Update: Here are the Top 40 Running Backs and the Top 60 Running Backs.

Tier 1: Picks 1.1 and 1.2

1. David Johnson (Arizona Cardinals) -The most valuable fantasy asset of 2016 returns to top the RB charts. He’s like a running back and receiver rolled into one. With 293 rushing attempts and 120 receiving targets, he was the only player in football to have over 400 touches, and opportunity is king, especially when it’s paired with talent like Johnson’s. He literally checks every box you’d want in an RB prospect. Age? He’s young and ascending. Opportunity? With 293 rushing attempts and 120 receiving targets, he was the only player in football to have over 400 touches. He is his team’s offense. Talent? Transcendent. Off field issues? Unlike other residents of this tier, Johnson is a boy scout. Listen to his quarterback Carson Palmer,“He’s extremely nice, but he’s extremely mature. He’s dedicated to his wife. He’s dedicated to the baby they have coming (in January). He’s beyond his years maturity-wise and extremely intelligent.” In other words, at pick 1.1 you take David Johnson ten times out of ten.

2. Le’Veon Bell (Pittsburgh Steelers) – There is a significant contingent of fantasy enthusiasts who make a persuasive argument that Bell should be the top RB in fantasy football in 2017. He has more years of solid production on his resume. He plays for a better offense on paper and his team is much more balanced. He has a better offensive line. These are all true, However, Bell carries risk that Johnson does not. In his four years in the league, he has only played a whole season once (2014) due to a mixture of injuries and off field issue related suspensions. Still, the upside is there, his 19.95 points per game in 2016 were only a hair shy of Johnson’s 20.4, and that was in a year where Bell only scored 9 TDs, a number which is due for some serious positive regression. If Bell falls past pick 1.2 in your league, you are either playing with idiots, or you live in Baltimore.

Tier 2: The Guys With Only One Risky Thing About Them

3. LeSean McCoy (Buffalo Bills) – The Buffalo Bills have lead the league in rushing yards in each of the past two years, and during that time, they have lead the league in rushing play splits, with a nearly 50% rushing rate (the league average is closer to 40%). This is a rushing team, boy, a rushing team. At the top of the depth chart in Buffalo is Shady McCoy, perennial top five back. Supremely talented and in a great situation, Shady easily rolled in as the RB3 overall in 2016 (standard), and that was despite missing a game as well as having backup Mike Gillislee steal nine touchdowns. Gillislee’s gone this year, and a wheels-up McCoy should be in line for positive TD regression. The main knocks against Shady is his health (he hasn’t played a full season since 2014). His age is also frequently brought up, though 29 isn’t that old.
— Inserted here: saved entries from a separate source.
(* Every proof in $\mathsf{PA}^\exists$ of a $\Sigma^0_1$ statement $\exists\alpha\mathsf{P}$ (with $\mathsf{P}$ atomic) can be transformed into a proof of $\exists\alpha\mathsf{P}$ in $\mathsf{HA}^\exists+\mathsf{EM}_1^-$.
   Context: The $\exists$-translation $F\mapsto F^\exists$ is: $F^\exists=F$ for atomic $F$; commuting with $\wedge,\vee,\to,\exists$; $(\forall xF)^\exists=\neg\exists x\neg F^\exists$. $\mathsf{PA}^\exists$ is the natural deduction system for arithmetic (over $0,\mathsf{S},+,\cdot,=$) with the intuitionistic rules for $\wedge,\vee,\to,\exists,\bot$, the $\exists$-translated arithmetical axioms, the translated induction rule (from $\Gamma\vdash A(0)$ and $\Gamma\vdash\neg\exists\alpha\neg(A(\alpha)\to A(\mathsf{S}\alpha))$ infer $\Gamma\vdash\neg\exists\alpha\neg A(\alpha)$), and the full excluded middle rule $\mathsf{EM}$ (from $\Gamma,A\vdash C$ and $\Gamma,\neg A\vdash C$ infer $\Gamma\vdash C$, $A,C$ arbitrary). $\mathsf{HA}^\exists$ is intuitionistic arithmetic with the $\exists$-translations of the Heyting arithmetic axioms. $\mathsf{EM}_1^-$ is the rule: for atomic $\mathsf{P}$ and $C$ (with $\mathsf{P}^\bot$ the complementary atomic predicate of $\mathsf{P}$), from $\Gamma,\forall\alpha\mathsf{P}\vdash\exists\beta C$ and $\Gamma,\exists\alpha\mathsf{P}^\bot\vdash\exists\beta C$ infer $\Gamma\vdash\exists\beta C$. *)

theory Defs
  imports Main
begin

datatype tm = Var nat | Zero | Sc tm | Pl tm tm | Tms tm tm

text \<open>Atomic formulas: equations and their complements (disequations),
  so that every atomic predicate P has an atomic complement P-bot.
  Ex and All bind de Bruijn index 0.\<close>
datatype form =
    Eq tm tm | Neq tm tm | Bot
  | Conj form form | Disj form form | Imp form form
  | Ex form | All form

definition Neg :: "form \<Rightarrow> form" where "Neg A = Imp A Bot"

fun atomic :: "form \<Rightarrow> bool" where
  "atomic (Eq t u) = True"
| "atomic (Neq t u) = True"
| "atomic _ = False"

fun comp :: "form \<Rightarrow> form" where
  "comp (Eq t u) = Neq t u"
| "comp (Neq t u) = Eq t u"
| "comp A = A"

fun tsubst :: "(nat \<Rightarrow> tm) \<Rightarrow> tm \<Rightarrow> tm" where
  "tsubst \<sigma> (Var n) = \<sigma> n"
| "tsubst \<sigma> Zero = Zero"
| "tsubst \<sigma> (Sc t) = Sc (tsubst \<sigma> t)"
| "tsubst \<sigma> (Pl t u) = Pl (tsubst \<sigma> t) (tsubst \<sigma> u)"
| "tsubst \<sigma> (Tms t u) = Tms (tsubst \<sigma> t) (tsubst \<sigma> u)"

definition up :: "(nat \<Rightarrow> tm) \<Rightarrow> nat \<Rightarrow> tm" where
  "up \<sigma> n = (case n of 0 \<Rightarrow> Var 0 | Suc m \<Rightarrow> tsubst (\<lambda>k. Var (Suc k)) (\<sigma> m))"

fun fsubst :: "(nat \<Rightarrow> tm) \<Rightarrow> form \<Rightarrow> form" where
  "fsubst \<sigma> (Eq t u) = Eq (tsubst \<sigma> t) (tsubst \<sigma> u)"
| "fsubst \<sigma> (Neq t u) = Neq (tsubst \<sigma> t) (tsubst \<sigma> u)"
| "fsubst \<sigma> Bot = Bot"
| "fsubst \<sigma> (Conj A B) = Conj (fsubst \<sigma> A) (fsubst \<sigma> B)"
| "fsubst \<sigma> (Disj A B) = Disj (fsubst \<sigma> A) (fsubst \<sigma> B)"
| "fsubst \<sigma> (Imp A B) = Imp (fsubst \<sigma> A) (fsubst \<sigma> B)"
| "fsubst \<sigma> (Ex A) = Ex (fsubst (up \<sigma>) A)"
| "fsubst \<sigma> (All A) = All (fsubst (up \<sigma>) A)"

definition inst :: "form \<Rightarrow> tm \<Rightarrow> form" where
  "inst A t = fsubst (\<lambda>n. case n of 0 \<Rightarrow> t | Suc m \<Rightarrow> Var m) A"

definition lift :: "form \<Rightarrow> form" where
  "lift A = fsubst (\<lambda>n. Var (Suc n)) A"
section \<open>Permutation symmetry of the Muon iterates\<close>

definition perm_invariant :: "nat \<Rightarrow> (nat \<Rightarrow> nat) \<Rightarrow> mat \<Rightarrow> bool" where
  "perm_invariant n \<sigma> A \<longleftrightarrow> (\<forall>i<n. \<forall>j<n. A (\<sigma> i) (\<sigma> j) = A i j)"

lemma perm_invariant_mmul:
  assumes \<sigma>: "\<sigma> permutes {..<n}" and "perm_invariant n \<sigma> A" "perm_invariant n \<sigma> B"
  shows "perm_invariant n \<sigma> (mmul n A B)"
  unfolding perm_invariant_def
proof (intro allI impI)
  fix i j assume "i < n" "j < n"
  have "mmul n A B (\<sigma> i) (\<sigma> j) = (\<Sum>k<n. A (\<sigma> i) (\<sigma> k) * B (\<sigma> k) (\<sigma> j))"
    unfolding mmul_def by (subst sum.permute[OF \<sigma>]) (simp add: comp_def)
  also have "\<dots> = (\<Sum>k<n. A i k * B k j)"
    using assms(2,3) \<open>i < n\<close> \<open>j < n\<close> unfolding perm_invariant_def by simp
  finally have "mmul n A B (\<sigma> i) (\<sigma> j) = (\<Sum>k<n. A i k * B k j)" .
  then show "mmul n A B (\<sigma> i) (\<sigma> j) = mmul n A B i j"
    unfolding mmul_def .
qed

lemma perm_invariant_mtrans: "perm_invariant n \<sigma> A \<Longrightarrow> perm_invariant n \<sigma> (mtrans A)"
  unfolding perm_invariant_def mtrans_def by simp

lemma perm_invariant_odd_power:
  "\<sigma> permutes {..<n} \<Longrightarrow> perm_invariant n \<sigma> G \<Longrightarrow> perm_invariant n \<sigma> (odd_power n G k)"
  by (induction k) (simp_all add: perm_invariant_mmul perm_invariant_mtrans)

lemma perm_invariant_lincomb:
  "(\<And>k. perm_invariant n \<sigma> (F k)) \<Longrightarrow> perm_invariant n \<sigma> (\<lambda>i j. \<Sum>k<N. c k * F k i j)"
  unfolding perm_invariant_def by simp

lemma perm_invariant_mat_eq_on:
  assumes "\<sigma> permutes {..<n}" "mat_eq_on n A B" "perm_invariant n \<sigma> B"
  shows "perm_invariant n \<sigma> A"
  using assms permutes_in_image[OF assms(1)] unfolding perm_invariant_def mat_eq_on_def
  by (metis lessThan_iff)

lemma perm_invariant_logit_grad:
  assumes \<sigma>: "\<sigma> permutes {..<K}" and p: "\<forall>j<K. p (\<sigma> j) = p j"
    and W: "perm_invariant K \<sigma> (mmul K (mmul K (mtrans Et) W) E)"
  shows "perm_invariant K \<sigma> (logit_grad K p Et E W)"
  unfolding perm_invariant_def
proof (intro allI impI)
  fix i j assume i: "i < K" and j: "j < K"
  have logit: "logit K Et E W (\<sigma> k) (\<sigma> l) = logit K Et E W k l" if "k < K" "l < K" for k l
    using W that unfolding perm_invariant_def logit_eq_mmul by blast
  have "(\<Sum>k<K. exp (logit K Et E W k (\<sigma> j))) = (\<Sum>k<K. exp (logit K Et E W (\<sigma> k) (\<sigma> j)))"
    by (subst sum.permute[OF \<sigma>]) (simp add: comp_def)
  also have "\<dots> = (\<Sum>k<K. exp (logit K Et E W k j))"
    using logit j by simp
  finally have "phat K Et E W (\<sigma> i) (\<sigma> j) = phat K Et E W i j"
    unfolding phat_def using logit i j by simp
  moreover have "\<sigma> i = \<sigma> j \<longleftrightarrow> i = j"
    using permutes_inj[OF \<sigma>] by (auto dest: injD)
  ultimately show "logit_grad K p Et E W (\<sigma> i) (\<sigma> j) = logit_grad K p Et E W i j"
    unfolding logit_grad_def using p j by simp
qed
4. Jordan Howard (Chicago Bears) – Howard is an anomaly– a RB drafted in the fifth round playing on a terrible team who rose to fantasy stardom as a rookie. And rise he did. If one extrapolates out his points per game after he took over in week four of 2016 to a whole season, Howard would have been the RB6 just ahead of Devonta Freeman. Knocks against Howard are his terrible team offense, and his ‘good not great’ abilities. Still, very little about his situation has changed for 2017. He has potentially a QB upgrade, and his line is the same one that dominated in 2017. He’s definitely not sexy, but then again, no one in this tier is.

5. Melvin Gordon (Los Angeles Chargers) – Melvin Gordon was the only top-ten running back in 2016 to have fewer than 1000 yards rushing. He makes his money in the form of touchdowns. Sweet, sweet touchdowns. It’s a nice way to make a living, but it’s risky, since touchdown rates can vary quite a bit from year to year. Still, Gordon plays on a high octane passing offense with plenty of opportunities in the red zone. He makes a fine choice in 2016.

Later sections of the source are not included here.